CALIGRAMA | MISTERIO Y SUSPENSO | 208 PÁGINAS | 2017
Hace tiempo que Rubén Alday busca refugio en el fondo del vaso. Sus tiempos de escritor de éxito han quedado atrás y solo el alcohol logra llenar su vacío. Por eso acude cada tarde al mismo bar en busca de la anestesia que le calme el dolor. Y todos los días la chica de mirada triste se sienta frente a él, escondiendo su pena tras un libro.Poco a poco el novelista acaba idolatrando a esa curiosa musa, hasta que descubre que ella es su última oportunidad para escapar del abismo. Pero cuando al fin reúne valor para hablarle, la chica no se presenta en el bar. Al descubrir que su musa ha sido asesinada, Rubén inicia una desesperada investigación para encontrar al culpable y vengar su muerte.
Link para conseguir ejemplar: En el fondo del Vaso.
Antes que nada, quiero agradecer Edición Anticipada por haberme dado la oportunidad de leer este libro. Aunque en un principio la verdad no me llamó tanto la atención por la portada (la mayoría me entra por los ojos, lo admito jajaja). No es de lo que más me hubiera gustado para el libro, a pesar de que sí transmite un panorama de desolación, desazón y desesperanza que en todo momento el libro contiene, sobretodo por parte del protagonista quien es el personaje que más llega a sufrir.
Rubén, como acabo de decir, es un personaje que está atravesado por la tristeza. Ya sea por una cosa u otra, siempre el panorama se ve negro para el personaje principal. Desde el inicio de la novela se puede ver que posee unos problemas con el alcohol. El autor ha logrado demostrar esta adicción de una manera en la que se entiende que el alcohol puede llegar a ser la consecuencia de intentar olvidar. En otras palabras, el vicio de Rubén en un principio es parte de su propia vida, casi que diría su único acompañante dentro de la soledad que embarga toda su vida que tiene el objetivo de olvidar todo el pasado. Esto se agrava después de la muerte de Triste… Ya que la he tomado a ella, quiero admitir que me ha encantado el nombre que le ha colocado el autor a este personaje. Creo que toda la novela tiene una conexión importante con las metáforas ya sean los nombres de los personajes (por ejemplo este mismo de Triste, que tiene una connotación muy fuerte, casi como un reflejo de la misma persona de Rubén), sino que también la historia es una metáfora en sí misma.

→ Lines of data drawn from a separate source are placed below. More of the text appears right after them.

lemma flow_eq_sum_route_mass:
  assumes pop: "population I" and part: "od_partition I L P" and prof: "strategy_profile E L I P \<sigma>"
    and fin: "finite (all_routes E L)"
  shows "flow I \<sigma> a = (\<Sum>r \<in> {r \<in> all_routes E L. a \<in> path_arcs r}. route_mass I \<sigma> r)"
proof -
  have "flow I \<sigma> a = measure lebesgue {i \<in> I. \<sigma> i \<in> {r \<in> all_routes E L. a \<in> path_arcs r}}"
    unfolding flow_def using profile_routes[OF part prof] by (intro arg_cong[where f = "measure lebesgue"]) auto
  also have "\<dots> = (\<Sum>r \<in> {r \<in> all_routes E L. a \<in> path_arcs r}. route_mass I \<sigma> r)"
    unfolding route_mass_def
    by (rule measure_users_choosing) (use fin route_users_lmeasurable[OF pop prof] in auto)
  finally show ?thesis .
qed

lemma od_class_measure_eq_sum_route_mass:
  assumes pop: "population I" and part: "od_partition I L P" and prof: "strategy_profile E L I P \<sigma>"
    and od: "(o', d) \<in> L" and fin: "finite {r. is_route E o' d r}"
  shows "measure lebesgue (P (o', d)) = (\<Sum>r \<in> {r. is_route E o' d r}. route_mass I \<sigma> r)"
  using measure_users_choosing[OF fin route_users_lmeasurable[OF pop prof]] od_class_eq[OF part prof od]
  by (simp add: route_mass_def)

section \<open>Comparing two equilibria\<close>

lemma equilibria_switching_user:
  assumes adm: "admissible_costs E I c"
    and eq: "equilibrium E L I P c \<sigma>" and eq': "equilibrium E L I P c \<sigma>'"
    and od: "(o', d) \<in> L" and i: "i \<in> P (o', d)" "i \<in> I"
    and up: "\<forall>a \<in> path_arcs (\<sigma> i). flow I \<sigma>' a \<le> flow I \<sigma> a"
    and down: "\<forall>a \<in> path_arcs (\<sigma>' i). flow I \<sigma> a \<le> flow I \<sigma>' a"
  shows "\<forall>a \<in> path_arcs (\<sigma> i). flow I \<sigma> a = flow I \<sigma>' a"
proof -
  have routes: "is_route E o' d (\<sigma> i)" "is_route E o' d (\<sigma>' i)"
    using eq eq' od i by (auto simp: equilibrium_def strategy_profile_def)
  have "route_cost c I \<sigma> i (\<sigma> i) \<le> route_cost c I \<sigma> i (\<sigma>' i)"
    using eq od i(1) routes(2) by (auto simp: equilibrium_def)
  moreover have "route_cost c I \<sigma>' i (\<sigma>' i) \<le> route_cost c I \<sigma>' i (\<sigma> i)"
    using eq' od i(1) routes(1) by (auto simp: equilibrium_def)
  moreover have "strict_mono_on {0..} (c i a)" if "a \<in> path_arcs (\<sigma> i) \<union> path_arcs (\<sigma>' i)" for a
    using adm i(2) routes that by (auto simp: admissible_costs_def is_route_def)
  moreover have "finite (path_arcs (\<sigma> i))" "finite (path_arcs (\<sigma>' i))" by (simp_all add: path_arcs_def)
  moreover have "0 \<le> flow I \<sigma> a" "0 \<le> flow I \<sigma>' a" for a by (simp_all add: flow_def)
  ultimately have "\<forall>a \<in> path_arcs (\<sigma> i) \<union> path_arcs (\<sigma>' i). flow I \<sigma> a = flow I \<sigma>' a"
    using up down by (intro strict_mono_exchange) (auto simp: route_cost_def)
  then show ?thesis by blast
qed

lemma switching_user_exists:
  assumes "route_mass I \<sigma>' r < route_mass I \<sigma> r"
    and "{i \<in> I. \<sigma> i = r} \<in> lmeasurable" "{i \<in> I. \<sigma>' i = r} \<in> lmeasurable"
  shows "\<exists>i \<in> I. \<sigma> i = r \<and> \<sigma>' i \<noteq> r"
proof (rule ccontr)
  assume "\<not> ?thesis"
  then have "{i \<in> I. \<sigma> i = r} \<subseteq> {i \<in> I. \<sigma>' i = r}" by auto
  then have "route_mass I \<sigma> r \<le> route_mass I \<sigma>' r"
    unfolding route_mass_def using assms(2,3) by (intro measure_mono_fmeasurable) auto
  then show False using assms(1) by simp
qed

lemma flows_agree_on_route_gaining_users:
  assumes pop: "population I" and part: "od_partition I L P" and adm: "admissible_costs E I c"
    and eq: "equilibrium E L I P c \<sigma>" and eq': "equilibrium E L I P c \<sigma>'"
    and od: "(o', d) \<in> L" and routes: "{p. is_route E o' d p} = {r, r'}"
    and more: "route_mass I \<sigma>' r < route_mass I \<sigma> r"
    and up: "\<forall>a \<in> path_arcs r. flow I \<sigma>' a \<le> flow I \<sigma> a"
    and down: "\<forall>a \<in> path_arcs r'. flow I \<sigma> a \<le> flow I \<sigma>' a"
  shows "\<forall>a \<in> path_arcs r. flow I \<sigma> a = flow I \<sigma>' a"
proof -
  have prof: "strategy_profile E L I P \<sigma>" and prof': "strategy_profile E L I P \<sigma>'"
    using eq eq' by (simp_all add: equilibrium_def)
  obtain i where i: "i \<in> I" "\<sigma> i = r" "\<sigma>' i \<noteq> r"
    using switching_user_exists[OF more route_users_lmeasurable[OF pop prof]
        route_users_lmeasurable[OF pop prof']] by blast
  have "is_route E o' d r" using routes by blast
  then have i_class: "i \<in> P (o', d)" using od_class_eq[OF part prof od] i by simp
  then have "is_route E o' d (\<sigma>' i)" using prof' od by (auto simp: strategy_profile_def)
  then have "\<sigma>' i = r'" using routes i(3) by blast
  then show ?thesis using equilibria_switching_user[OF adm eq eq' od i_class i(1)] i(2) up down by simp
qed

text \<open>A route whose mass changes between two profiles has a partner: the other
  route of its OD-pair, whose mass changes by the opposite amount, because the
  OD-pair has the same total mass in both profiles.\<close>
lemma mass_change_partner:
  assumes cycle: "is_cycle V E" and demand: "demand_digraph V T L" and pop: "population I"
    and part: "od_partition I L P"
    and prof1: "strategy_profile E L I P \<sigma>1" and prof2: "strategy_profile E L I P \<sigma>2"
    and z_def: "\<And>r. z r = route_mass I \<sigma>1 r - route_mass I \<sigma>2 r"
    and od: "(o', d) \<in> L" and r: "is_route E o' d r" and nonzero: "z r \<noteq> 0"
  obtains r' where "{p. is_route E o' d p} = {r, r'}" "z r' = - z r"
proof -
  have "o' \<noteq> d" using demand od by (auto simp: demand_digraph_def)
  note od_routes = cycle_od_routes[OF cycle this]
  have balance: "sum z {p. is_route E o' d p} = 0"
    using od_class_measure_eq_sum_route_mass[OF pop part prof1 od od_routes(1)]
      od_class_measure_eq_sum_route_mass[OF pop part prof2 od od_routes(1)]
    by (simp add: z_def sum_subtractf)
  have "{p. is_route E o' d p} \<noteq> {r}"
  proof
    assume "{p. is_route E o' d p} = {r}"
    then have "z r = 0" using balance by simp
    then show False using nonzero by simp
  qed
  then obtain r' where r': "r' \<noteq> r" and routes: "{p. is_route E o' d p} = {r, r'}"
    using card_le_2_cases[OF od_routes] r by blast
  moreover have "z r' = - z r" using balance r' unfolding routes by simp
  ultimately show thesis using that by blast
qed

lemma equilibria_partner_route:
  assumes cycle: "is_cycle V E" and demand: "demand_digraph V T L" and pop: "population I"
    and part: "od_partition I L P" and adm: "admissible_costs E I c"
    and eq1: "equilibrium E L I P c \<sigma>1" and eq2: "equilibrium E L I P c \<sigma>2"
    and z_def: "\<And>r. z r = route_mass I \<sigma>1 r - route_mass I \<sigma>2 r"
    and D_def: "\<And>a. D a = flow I \<sigma>1 a - flow I \<sigma>2 a"
    and r: "r \<in> all_routes E L" and nonzero: "z r \<noteq> 0"
  shows "\<exists>r' \<in> all_routes E L. z r' = - z r \<and>
    ((\<forall>a \<in> path_arcs r. 0 \<le> z r * D a) \<and> (\<forall>a \<in> path_arcs r'. 0 \<le> z r' * D a) \<longrightarrow>
     (\<forall>a \<in> path_arcs r. D a = 0))"
proof -
  obtain o' d where od: "(o', d) \<in> L" and r_route: "is_route E o' d r"
    using r by (auto simp: all_routes_def)
  have prof1: "strategy_profile E L I P \<sigma>1" and prof2: "strategy_profile E L I P \<sigma>2"
    using eq1 eq2 by (simp_all add: equilibrium_def)
  obtain r' where routes: "{p. is_route E o' d p} = {r, r'}" and z_r': "z r' = - z r"
    using mass_change_partner[OF cycle demand pop part prof1 prof2 z_def od r_route nonzero] .
  have "is_route E o' d r'" using routes by blast
  then have "r' \<in> all_routes E L" using od by (auto simp: all_routes_def)
  moreover have "\<forall>a \<in> path_arcs r. D a = 0"
    if signs: "\<forall>a \<in> path_arcs r. 0 \<le> z r * D a" "\<forall>a \<in> path_arcs r'. 0 \<le> z r' * D a"
  proof (cases "0 < z r")
    case True
    have "z r' < 0" using True z_r' by simp
    have up: "\<forall>a \<in> path_arcs r. flow I \<sigma>2 a \<le> flow I \<sigma>1 a"
      using signs(1) True by (auto simp: D_def zero_le_mult_iff)
    have down: "\<forall>a \<in> path_arcs r'. flow I \<sigma>1 a \<le> flow I \<sigma>2 a"
      using signs(2) \<open>z r' < 0\<close> by (auto simp: D_def zero_le_mult_iff)
    have "route_mass I \<sigma>2 r < route_mass I \<sigma>1 r" using True by (simp add: z_def)
    from flows_agree_on_route_gaining_users[OF pop part adm eq1 eq2 od routes this up down]
    show ?thesis by (simp add: D_def)
  next
    case False
    then have "z r < 0" "0 < z r'" using nonzero z_r' by simp_all
    have up: "\<forall>a \<in> path_arcs r. flow I \<sigma>1 a \<le> flow I \<sigma>2 a"
      using signs(1) \<open>z r < 0\<close> by (auto simp: D_def zero_le_mult_iff)
    have down: "\<forall>a \<in> path_arcs r'. flow I \<sigma>2 a \<le> flow I \<sigma>1 a"
      using signs(2) \<open>0 < z r'\<close> by (auto simp: D_def zero_le_mult_iff)
    have "route_mass I \<sigma>1 r < route_mass I \<sigma>2 r" using \<open>z r < 0\<close> by (simp add: z_def)
    from flows_agree_on_route_gaining_users[OF pop part adm eq2 eq1 od routes this up down]
    show ?thesis by (simp add: D_def)
  qed
  ultimately show ?thesis using z_r' by blast
qed

theorem proposition1:
  fixes V T :: "'v set" and E :: "'v set set" and L :: "('v \<times> 'v) set" and I :: "real set"
  assumes "is_cycle V E"
    and "demand_digraph V T L"
    and "population I"
    and "\<forall>a \<in> arcs_of E. card {r \<in> all_routes E L. a \<in> path_arcs r} \<le> 2"
  shows "uniqueness_property E L I"
  unfolding uniqueness_property_def
proof (intro allI impI ballI)
  fix P c \<sigma>1 \<sigma>2 and a :: "'v \<times> 'v"
  assume part: "od_partition I L P" and adm: "admissible_costs E I c"
    and eq1: "equilibrium E L I P c \<sigma>1" and eq2: "equilibrium E L I P c \<sigma>2"
  define z where "z r = route_mass I \<sigma>1 r - route_mass I \<sigma>2 r" for r
  define D where "D b = flow I \<sigma>1 b - flow I \<sigma>2 b" for b
  have fin: "finite (all_routes E L)" using finite_all_routes assms(1,2) .
  have D_sum: "D b = (\<Sum>r \<in> {r \<in> all_routes E L. b \<in> path_arcs r}. z r)" for b
    using flow_eq_sum_route_mass[OF assms(3) part _ fin] eq1 eq2
    by (simp add: D_def z_def sum_subtractf equilibrium_def)
  interpret arcs_on_two_routes "all_routes E L" path_arcs z D
    using fin routes_through_arc_le_2[OF assms(4)] D_sum by unfold_locales
  have "D a = 0"
    by (rule cancellation[OF equilibria_partner_route[OF assms(1-3) part adm eq1 eq2 z_def D_def]])
  then show "flow I \<sigma>1 a = flow I \<sigma>2 a" by (simp add: D_def)
qed

end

Casi como una superación de vida, en esta novela se toman cuestiones que creo que intentan advertir al lector de manera muy indirecta, casi sin demostrar demasiado lo que intenta dejar plasmado en nosotros. Esas palabras silenciosas, el “qué hubiera sido”, los abandonos constantes… Todo esto se entremezcla y entreteje en la novela para marcar rotundamente al personaje principal, quien termina en una depresión peor debido a las oportunidades perdidas en su vida, mucho peor cuando se pierde esa última ocasión: Triste, su musa. Este libro toma unos temas bastante interesantes y los traslada a metáforas que nos ayudan a comprender de una manera poética situaciones banales del día a día.
El espacio en este libro me ha dado una sensación de pérdida y despedidas constantemente. Algo que me ha gustado experimentar ya que el autor logra transmitir los sentimientos con pocas palabras, me hizo sentir todo por lo que pasaba el personaje y me vi muy identificada. Ese es uno de los puntos a favor más importantes, me gusta poder meterme de lleno en la novela, poder sentir lo que los personajes van pasando escena tras escena, cosa que se ha logrado transmitir muy bien. En cuanto a los escenarios, creo que el que más me ha gustado ha sido el bar. Rubén pasa todos los días con su tristeza, embarcándose a la adicción al alcohol siempre observando de lejos esa musa perfecta, soñado con ella. El bar es un lugar de aceptación mutua pero también de una franqueza acerca de sí mismos, en este sitio no pretenden ser alguien más, son completamente ellos en todo sentido. Creo que es un espacio que está muy bien trabajado por el autor y que se podría analizar profundamente pero en esta publicación me quedo solo con lo superficial.
Por último, quiero aclarar que en este libro se toman elementos policíacos. A mí el género policial me fascina, aunque no suelo tocarlo mucho debido a mi falta de tiempo, pero cuando lo hago siempre le tomo el debido respeto. Los autores tienen un trabajo bastante difícil al pensar estos tipos de libros y me gusta ir descubriendo de a poco todo. Si bien no creo que sea el principal tema de la lectura en este libro, sí ha tenido un peso y me ha llevado a una lectura un poco más rápida, ágil, en la que me ha gustado mucho meterme.
En fin, esta novela está cargada de sentimientos melancólicos con un tintes sombríos y espesos que el autor supo manejar a la perfección. Posee una lectura ágil que ayuda además con los elementos policíacos que se entremezclan en esta obra.